Sementara untuk beton konvensional tidak ada proses handling atau pemindahan. Sebab beton telah terinstal di tempat yang seharusnya. Namun keduanya memerlukan bantuan berupa alat berat yang kompatibel dengan medan dan juga jenis pekerjaan yang akan dilakukan.

Perbedaan dari Kecepatan Proyek

Bila dilihat dari sisi kepraktisan dan juga kecepatan waktu dalam menyelesaikan proyek, maka sistem kontrol bisa menjawab kebutuhan tersebut di masa milenium ini. Intinya sistem ini bisa melakukan pengecoran komponen pada tempat tertentu di permukaan tanah atau pabrikasi.

Kemudian dibawa ke lokasi atau ditransportasikan agar bisa disusun menjadi sebuah kesatuan struktur yang utuh. Kelebihan sistem ini memiliki kualitas mutu yang terjamin. Pembangunannya cepat, produksinya cepat dan massal, ramah lingkungan dan rapi dengan mutu produk yang baik.

Bila dilihat dari metode konvensional, maka perbandingan waktu yang dibutuhkan untuk penyelesaian proyek lebih lama. Selain itu, tenaga kerjanya yang dibutuhkan juga relatif banyak. Hal ini dikarenakan anda harus menunggu bagian per bagian cor beton yang dikerjakan di proyek tersebut.

Kesimpulannya, ada banyak kelebihan yang dimiliki oleh beton precast atau precast concrete dibandingkan dengan beton konvensional.

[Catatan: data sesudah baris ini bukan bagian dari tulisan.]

definition one_point :: "nat \<Rightarrow> nat \<Rightarrow> complex" where
  "one_point N h = (if h \<in> {1..N} then 1 else 0)"

definition euler_factor :: "nat \<Rightarrow> nat \<Rightarrow> real" where
  "euler_factor n p = (1 - 1 / real p) ^ (2 ^ n - 1) *
     (1 + (\<Sum>\<^sub>\<infinity> k \<in> {1::nat..}. (real (k + 1) ^ n - real k ^ n) / real p ^ k))"

end

theory Submission
  imports Defs "HOL-Complex_Analysis.Complex_Analysis"
begin

text \<open>
  The \<open>p\<close>-adic valuations of the entries of a reduced tuple form an exponent vector supported
  on a chain of the bitwise order, and each choice of such vectors, one for every prime, comes
  from exactly one reduced tuple. Hence \<open>G\<close>, and with it \<open>F\<close>, is an Euler product; the factor of
  \<open>F\<close> at \<open>p\<close> is a polynomial in the \<open>y\<^sub>h = p powr - s\<^sub>h\<close>, namely a sum over chains. The same
  sum over all subsets equals \<open>1\<close>, so the factor differs from \<open>1\<close> only by the terms of the
  non-chains, which have degree at least two. The Euler product therefore converges locally
  uniformly for \<open>Re s\<^sub>h > 1/2\<close>, which gives the continuation.

  At \<open>s = 1\<close> all \<open>y\<^sub>h\<close> equal \<open>x = 1/p\<close>, and the factor is \<open>(1 - x)\<^sup>N\<close> times a weighted count of
  chains of nonzero numbers below \<open>2\<^sup>n - 1\<close>, i.e. of chains of nonempty subsets of an \<open>n\<close>-set.
  Sorting the chains by their largest element gives a binomial recursion in the number of bits,
  which the moments \<open>(1 - x) \<Sum>\<^sub>k (k + 1)\<^sup>m x\<^sup>k\<close> satisfy as well.
\<close>

section \<open>Infinite sums and products\<close>

lemma norm_prod_le_exp_sum:
  fixes f :: "nat \<Rightarrow> 'a::{real_normed_div_algebra, comm_ring_1}"
  shows "norm (\<Prod>k\<in>K. f k) \<le> exp (\<Sum>k\<in>K. norm (f k - 1))"
proof -
  have "norm (\<Prod>k\<in>K. f k) = (\<Prod>k\<in>K. norm (1 + (f k - 1)))"
    by (simp add: prod_norm)
  also have "\<dots> \<le> (\<Prod>k\<in>K. 1 + norm (f k - 1))"
  proof (intro prod_mono conjI norm_ge_zero)
    fix k show "norm (1 + (f k - 1)) \<le> 1 + norm (f k - 1)"
      using norm_triangle_ineq[of 1 "f k - 1"] by simp
  qed
  also have "\<dots> \<le> exp (\<Sum>k\<in>K. norm (f k - 1))"
    by (rule prod_le_exp_sum) auto
  finally show ?thesis .
qed
lemma sol_tendsto_at_top_at_bot:
  assumes "Re (\<gamma>\<^sup>2) < 0" "Im \<gamma> \<noteq> 0"
    and prim: "((\<lambda>t. gauss_prim (\<gamma>\<^sup>2) (of_real t)) \<longlongrightarrow> c) at_top"
  shows "((\<lambda>t. sol \<gamma> B (of_real t)) \<longlongrightarrow> 1/2 + B * \<gamma>\<^sup>2 * c) at_top"
    and "((\<lambda>t. sol \<gamma> B (of_real t)) \<longlongrightarrow> 1/2 - B * \<gamma>\<^sup>2 * c) at_bot"
proof -
  have "((\<lambda>t. 1/2 + B * (of_real t * gauss (\<gamma>\<^sup>2) (of_real t) / (\<gamma> - (of_real t)\<^sup>2) +
      \<gamma>\<^sup>2 * gauss_prim (\<gamma>\<^sup>2) (of_real t))) \<longlongrightarrow> 1/2 + B * (0 + \<gamma>\<^sup>2 * c)) at_top"
    by (intro tendsto_intros prim sol_quotient_tendsto_0 assms)
  then show "((\<lambda>t. sol \<gamma> B (of_real t)) \<longlongrightarrow> 1/2 + B * \<gamma>\<^sup>2 * c) at_top"
    by (simp add: sol_def mult.assoc)
  have "((\<lambda>t. 1/2 - B * (of_real t * gauss (\<gamma>\<^sup>2) (of_real t) / (\<gamma> - (of_real t)\<^sup>2) +
      \<gamma>\<^sup>2 * gauss_prim (\<gamma>\<^sup>2) (of_real t))) \<longlongrightarrow> 1/2 - B * (0 + \<gamma>\<^sup>2 * c)) at_top"
    by (intro tendsto_intros prim sol_quotient_tendsto_0 assms)
  moreover have "sol \<gamma> B (of_real (-t)) = 1/2 - B * (of_real t * gauss (\<gamma>\<^sup>2) (of_real t) /
      (\<gamma> - (of_real t)\<^sup>2) + \<gamma>\<^sup>2 * gauss_prim (\<gamma>\<^sup>2) (of_real t))" for t
    using gauss_even[of _ "of_real t"] gauss_prim_odd[of _ "of_real t"]
    by (simp add: sol_def algebra_simps)
  ultimately show "((\<lambda>t. sol \<gamma> B (of_real t)) \<longlongrightarrow> 1/2 - B * \<gamma>\<^sup>2 * c) at_bot"
    by (simp add: filterlim_at_bot_mirror mult.assoc)
qed

definition gauss_int :: "real \<Rightarrow> real" where
  "gauss_int t = Re (gauss_prim (-1) (of_real t))"

lemma gauss_prim_minus_one_of_real: "gauss_prim (-1) (of_real t) = of_real (gauss_int t)"
  using Im_gauss_prim_of_real[of "-1" t] by (simp add: gauss_int_def complex_eq_iff)

lemma gauss_int_has_real_derivative: "(gauss_int has_real_derivative exp (- t\<^sup>2 / 2)) (at t)"
proof -
  have "((\<lambda>t. gauss_prim (-1) (of_real t)) has_vector_derivative gauss (-1) (of_real t)) (at t)"
    by (intro has_vector_derivative_real_field gauss_prim_has_field_derivative)
  then show ?thesis
    unfolding gauss_int_def [abs_def]
    using has_field_derivative_Re gauss_of_real[of "-1" t] by fastforce
qed

lemma gauss_int_0 [simp]: "gauss_int 0 = 0"
  by (simp add: gauss_int_def)

lemma mono_gauss_int: "mono gauss_int"
  by (intro monoI DERIV_nonneg_imp_nondecreasing[where f = gauss_int])
     (auto intro: gauss_int_has_real_derivative)

lemma gauss_int_pos: "gauss_int 1 > 0"
  using DERIV_pos_imp_increasing[of 0 1 gauss_int] gauss_int_has_real_derivative by force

Beton pracetak atau precast concrete menggunakan bahan dasar terbaik dalam proses produksinya. Lebih efisien dari segi waktu dan biaya. Kekuatannya lebih tahan lama, pemeliharaannya lebih mudah, lebih ekologis serta ramah lingkungan.

Setelah anda mengetahui seperti apa pengertian precast concrete, manfaat, jenis dan juga keunggulannya. Kini saatnya anda beton pracetak atau precast concrete untuk kebutuhan konstruksi bangunan anda. Dengan demikian, maka proses pembangunan bisa lebih cepat dan anda juga lebih efisien dalam pengeluaran serta waktu pengerjaan. Dengan semua kelebihan dan juga berbagai macam jenis yang dimiliki precast concrete, tidak heran bila banyak orang yang memerlukan beton pracetak dalam memenuhi kebutuhan bangunan mereka.